• _GOAL OF THE EXERCISE_: In your answer, print every record exactly as it is written.

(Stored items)
text \<open>Transition law of a linear birth-death process (birth rate a, death rate b,
  a > b >= 0) started from one cell: probability of n cells alive at time t
  (Kendall's classical formula).\<close>
definition bd_pmf :: "real \<Rightarrow> real \<Rightarrow> real \<Rightarrow> nat \<Rightarrow> real" where
  "bd_pmf a b t n =
     (let E = exp ((a - b) * t);
          p0 = b * (E - 1) / (a * E - b);
          eta = a * (E - 1) / (a * E - b)
      in if n = 0 then p0 else (1 - p0) * (1 - eta) * eta ^ (n - 1))"

text \<open>Intensity (mean number) of mutant clones founded in [0,tau] that have exactly
  n cells at time tau: integral of the mutation intensity nu e^(delta s) times the
  probability that a clone born at s has n cells at tau.\<close>
definition clone_intensity :: "real \<Rightarrow> real \<Rightarrow> real \<Rightarrow> real \<Rightarrow> real \<Rightarrow> nat \<Rightarrow> real" where
  "clone_intensity \<delta> \<nu> a b tau n =
     integral {0..tau} (\<lambda>s. \<nu> * exp (\<delta> * s) * bd_pmf a b (tau - s) n)"

fun conv_pow :: "(nat \<Rightarrow> real) \<Rightarrow> nat \<Rightarrow> nat \<Rightarrow> real" where
  "conv_pow c 0 m = (if m = 0 then 1 else 0)"
| "conv_pow c (Suc k) m = (\<Sum>j\<le>m. c j * conv_pow c k (m - j))"

text \<open>The number of
  mutations in [0,tau] is Poisson with mean Lambda = integral of nu e^(delta s);
  given k mutations, the founding times are iid with density nu e^(delta s)/Lambda,
  and clones are independent, so
  P(B = m) = sum_k e^(-Lambda) Lambda^k / k! * r^{*k}(m) with r = c / Lambda, i.e.
  P(B = m) = sum_k e^(-Lambda) / k! * c^{*k}(m).\<close>
definition B_pmf :: "real \<Rightarrow> real \<Rightarrow> real \<Rightarrow> real \<Rightarrow> real \<Rightarrow> nat \<Rightarrow> real" where
  "B_pmf \<delta> \<nu> a b N m =
     (let tau = ln N / \<delta>;
          Lam = integral {0..tau} (\<lambda>s. \<nu> * exp (\<delta> * s))
      in (\<Sum>k. exp (- Lam) / fact k * conv_pow (clone_intensity \<delta> \<nu> a b tau) k m))"

definition B_pgf :: "real \<Rightarrow> real \<Rightarrow> real \<Rightarrow> real \<Rightarrow> real \<Rightarrow> real \<Rightarrow> real" where
  "B_pgf \<delta> \<nu> a b N z = (\<Sum>m. B_pmf \<delta> \<nu> a b N m * z ^ m)"

end

theory Submission
  imports Defs
begin

text \<open>Given the Poisson number of clones, their founding times are i.i.d. and the clones evolve
  independently, so B is compound Poisson:
  E[z^B] = exp (integral over [0, \<tau>] of \<nu> exp(\<delta> s) (G(\<tau> - s, z) - 1) ds),
  where G(t, z) is Kendall's generating function of a birth-death clone of age t.
  When \<delta> = \<alpha> - \<beta>, the factor exp(\<delta> s) cancels the age dependence of G: since
  exp(\<delta> s) exp(\<delta> (\<tau> - s)) = N, the integrand is a constant multiple of
  1 / (exp(\<delta> (\<tau> - s)) - \<xi>), whose integral is a difference of logarithms.
  This gives the first formula; the second one and P(B = 0) are the substitutions
  y = -\<xi> / (1 - \<xi>) and z = 0.\<close>

lemma conv_pow_nonneg:
  assumes "\<And>j. 0 \<le> c j"
  shows "0 \<le> conv_pow c k m"
  using assms by (induction k arbitrary: m) (auto intro!: sum_nonneg)

lemma conv_pow_gf_sums:
  assumes c_nonneg: "\<And>j. 0 \<le> c j" and "0 \<le> z" and gf: "(\<lambda>n. c n * z ^ n) sums C"
  shows "(\<lambda>m. conv_pow c k m * z ^ m) sums C ^ k"
proof (induction k)
  case 0
  have "(\<lambda>m. conv_pow c 0 m * z ^ m) = (\<lambda>m. if m = 0 then 1 else 0)" by auto
  then show ?case using sums_single[of 0 "\<lambda>_. 1 :: real"] by simp
next
  case (Suc k)
  have "summable (\<lambda>i. norm (c i * z ^ i))" "summable (\<lambda>i. norm (conv_pow c k i * z ^ i))"
    using gf Suc conv_pow_nonneg[OF c_nonneg] c_nonneg \<open>0 \<le> z\<close> by (simp_all add: sums_summable)
  from Cauchy_product_sums[OF this] have
    "(\<lambda>m. \<Sum>i\<le>m. c i * z ^ i * (conv_pow c k (m - i) * z ^ (m - i))) sums (C * C ^ k)"
    using gf Suc by (simp add: sums_iff)
  moreover have "(\<Sum>i\<le>m. c i * z ^ i * (conv_pow c k (m - i) * z ^ (m - i)))
      = conv_pow c (Suc k) m * z ^ m" for m
  proof -
    have pointwise: "c i * z ^ i * (conv_pow c k (m - i) * z ^ (m - i))
        = c i * conv_pow c k (m - i) * z ^ m" if "i \<le> m" for i
      using that by (simp add: mult_ac flip: power_add)
    show ?thesis
      unfolding conv_pow.simps sum_distrib_right by (rule sum.cong) (simp_all add: pointwise)
  qed
  ultimately show ?case by simp
qed

lemma sums_swap_nonneg:
  fixes f :: "nat \<Rightarrow> nat \<Rightarrow> real"
  assumes nonneg: "\<And>k m. 0 \<le> f k m" and rows: "\<And>k. f k sums g k" and total: "g sums T"
  shows "summable (\<lambda>k. f k m)" and "(\<lambda>m. \<Sum>k. f k m) sums T"
proof -
  have rows_has_sum: "(f k has_sum g k) UNIV" for k
    using sums_nonneg_imp_has_sum[OF rows nonneg] .
  have "(g has_sum T) UNIV"
    using rows nonneg
    by (intro sums_nonneg_imp_has_sum[OF total]) (metis sums_unique suminf_nonneg sums_summable)
  moreover have "(\<lambda>(k, m). f k m) summable_on UNIV \<times> UNIV"
    using rows_has_sum calculation nonneg
    by (intro summable_on_SigmaI[where g = g]) (auto dest: has_sum_imp_summable)
  ultimately have "((\<lambda>(k, m). f k m) has_sum T) (UNIV \<times> UNIV)"
    using rows_has_sum by (intro has_sum_SigmaI[where g = g]) auto
  then have swapped: "((\<lambda>(m, k). f k m) has_sum T) (UNIV \<times> UNIV)"
    by (subst (asm) has_sum_swap) simp
  have "(\<lambda>k. f k m) summable_on UNIV" for m
    using summable_on_SigmaD1[OF has_sum_imp_summable[OF swapped]] by simp
  then show col_summable: "summable (\<lambda>k. f k m)" for m
    using nonneg by (simp add: summable_on_UNIV_nonneg_real_iff)
  have "((\<lambda>m. \<Sum>k. f k m) has_sum T) UNIV"
    using sums_nonneg_imp_has_sum[OF summable_sums[OF col_summable] nonneg]
    by (intro has_sum_Sigma'[OF swapped]) simp
  then show "(\<lambda>m. \<Sum>k. f k m) sums T" by (rule has_sum_imp_sums)
qed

• _RESULT_:
text \<open>Transition law of a linear birth-death process (birth rate a, death rate b,
  a > b >= 0) started from one cell: probability of n cells alive at time t
  (Kendall's classical formula).\<close>
definition bd_pmf :: "real \<Rightarrow> real \<Rightarrow> real \<Rightarrow> nat \<Rightarrow> real" where
  "bd_pmf a b t n =
     (let E = exp ((a - b) * t);
          p0 = b * (E - 1) / (a * E - b);
          eta = a * (E - 1) / (a * E - b)
      in if n = 0 then p0 else (1 - p0) * (1 - eta) * eta ^ (n - 1))"

text \<open>Intensity (mean number) of mutant clones founded in [0,tau] that have exactly
  n cells at time tau: integral of the mutation intensity nu e^(delta s) times the
  probability that a clone born at s has n cells at tau.\<close>
definition clone_intensity :: "real \<Rightarrow> real \<Rightarrow> real \<Rightarrow> real \<Rightarrow> real \<Rightarrow> nat \<Rightarrow> real" where
  "clone_intensity \<delta> \<nu> a b tau n =
     integral {0..tau} (\<lambda>s. \<nu> * exp (\<delta> * s) * bd_pmf a b (tau - s) n)"

fun conv_pow :: "(nat \<Rightarrow> real) \<Rightarrow> nat \<Rightarrow> nat \<Rightarrow> real" where
  "conv_pow c 0 m = (if m = 0 then 1 else 0)"
| "conv_pow c (Suc k) m = (\<Sum>j\<le>m. c j * conv_pow c k (m - j))"

text \<open>The number of
  mutations in [0,tau] is Poisson with mean Lambda = integral of nu e^(delta s);
  given k mutations, the founding times are iid with density nu e^(delta s)/Lambda,
  and clones are independent, so
  P(B = m) = sum_k e^(-Lambda) Lambda^k / k! * r^{*k}(m) with r = c / Lambda, i.e.
  P(B = m) = sum_k e^(-Lambda) / k! * c^{*k}(m).\<close>
definition B_pmf :: "real \<Rightarrow> real \<Rightarrow> real \<Rightarrow> real \<Rightarrow> real \<Rightarrow> nat \<Rightarrow> real" where
  "B_pmf \<delta> \<nu> a b N m =
     (let tau = ln N / \<delta>;
          Lam = integral {0..tau} (\<lambda>s. \<nu> * exp (\<delta> * s))
      in (\<Sum>k. exp (- Lam) / fact k * conv_pow (clone_intensity \<delta> \<nu> a b tau) k m))"

definition B_pgf :: "real \<Rightarrow> real \<Rightarrow> real \<Rightarrow> real \<Rightarrow> real \<Rightarrow> real \<Rightarrow> real" where
  "B_pgf \<delta> \<nu> a b N z = (\<Sum>m. B_pmf \<delta> \<nu> a b N m * z ^ m)"

end

theory Submission
  imports Defs
begin

text \<open>Given the Poisson number of clones, their founding times are i.i.d. and the clones evolve
  independently, so B is compound Poisson:
  E[z^B] = exp (integral over [0, \<tau>] of \<nu> exp(\<delta> s) (G(\<tau> - s, z) - 1) ds),
  where G(t, z) is Kendall's generating function of a birth-death clone of age t.
  When \<delta> = \<alpha> - \<beta>, the factor exp(\<delta> s) cancels the age dependence of G: since
  exp(\<delta> s) exp(\<delta> (\<tau> - s)) = N, the integrand is a constant multiple of
  1 / (exp(\<delta> (\<tau> - s)) - \<xi>), whose integral is a difference of logarithms.
  This gives the first formula; the second one and P(B = 0) are the substitutions
  y = -\<xi> / (1 - \<xi>) and z = 0.\<close>

lemma conv_pow_nonneg:
  assumes "\<And>j. 0 \<le> c j"
  shows "0 \<le> conv_pow c k m"
  using assms by (induction k arbitrary: m) (auto intro!: sum_nonneg)

lemma conv_pow_gf_sums:
  assumes c_nonneg: "\<And>j. 0 \<le> c j" and "0 \<le> z" and gf: "(\<lambda>n. c n * z ^ n) sums C"
  shows "(\<lambda>m. conv_pow c k m * z ^ m) sums C ^ k"
proof (induction k)
  case 0
  have "(\<lambda>m. conv_pow c 0 m * z ^ m) = (\<lambda>m. if m = 0 then 1 else 0)" by auto
  then show ?case using sums_single[of 0 "\<lambda>_. 1 :: real"] by simp
next
  case (Suc k)
  have "summable (\<lambda>i. norm (c i * z ^ i))" "summable (\<lambda>i. norm (conv_pow c k i * z ^ i))"
    using gf Suc conv_pow_nonneg[OF c_nonneg] c_nonneg \<open>0 \<le> z\<close> by (simp_all add: sums_summable)
  from Cauchy_product_sums[OF this] have
    "(\<lambda>m. \<Sum>i\<le>m. c i * z ^ i * (conv_pow c k (m - i) * z ^ (m - i))) sums (C * C ^ k)"
    using gf Suc by (simp add: sums_iff)
  moreover have "(\<Sum>i\<le>m. c i * z ^ i * (conv_pow c k (m - i) * z ^ (m - i)))
      = conv_pow c (Suc k) m * z ^ m" for m
  proof -
    have pointwise: "c i * z ^ i * (conv_pow c k (m - i) * z ^ (m - i))
        = c i * conv_pow c k (m - i) * z ^ m" if "i \<le> m" for i
      using that by (simp add: mult_ac flip: power_add)
    show ?thesis
      unfolding conv_pow.simps sum_distrib_right by (rule sum.cong) (simp_all add: pointwise)
  qed
  ultimately show ?case by simp
qed

lemma sums_swap_nonneg:
  fixes f :: "nat \<Rightarrow> nat \<Rightarrow> real"
  assumes nonneg: "\<And>k m. 0 \<le> f k m" and rows: "\<And>k. f k sums g k" and total: "g sums T"
  shows "summable (\<lambda>k. f k m)" and "(\<lambda>m. \<Sum>k. f k m) sums T"
proof -
  have rows_has_sum: "(f k has_sum g k) UNIV" for k
    using sums_nonneg_imp_has_sum[OF rows nonneg] .
  have "(g has_sum T) UNIV"
    using rows nonneg
    by (intro sums_nonneg_imp_has_sum[OF total]) (metis sums_unique suminf_nonneg sums_summable)
  moreover have "(\<lambda>(k, m). f k m) summable_on UNIV \<times> UNIV"
    using rows_has_sum calculation nonneg
    by (intro summable_on_SigmaI[where g = g]) (auto dest: has_sum_imp_summable)
  ultimately have "((\<lambda>(k, m). f k m) has_sum T) (UNIV \<times> UNIV)"
    using rows_has_sum by (intro has_sum_SigmaI[where g = g]) auto
  then have swapped: "((\<lambda>(m, k). f k m) has_sum T) (UNIV \<times> UNIV)"
    by (subst (asm) has_sum_swap) simp
  have "(\<lambda>k. f k m) summable_on UNIV" for m
    using summable_on_SigmaD1[OF has_sum_imp_summable[OF swapped]] by simp
  then show col_summable: "summable (\<lambda>k. f k m)" for m
    using nonneg by (simp add: summable_on_UNIV_nonneg_real_iff)
  have "((\<lambda>m. \<Sum>k. f k m) has_sum T) UNIV"
    using sums_nonneg_imp_has_sum[OF summable_sums[OF col_summable] nonneg]
    by (intro has_sum_Sigma'[OF swapped]) simp
  then show "(\<lambda>m. \<Sum>k. f k m) sums T" by (rule has_sum_imp_sums)
qed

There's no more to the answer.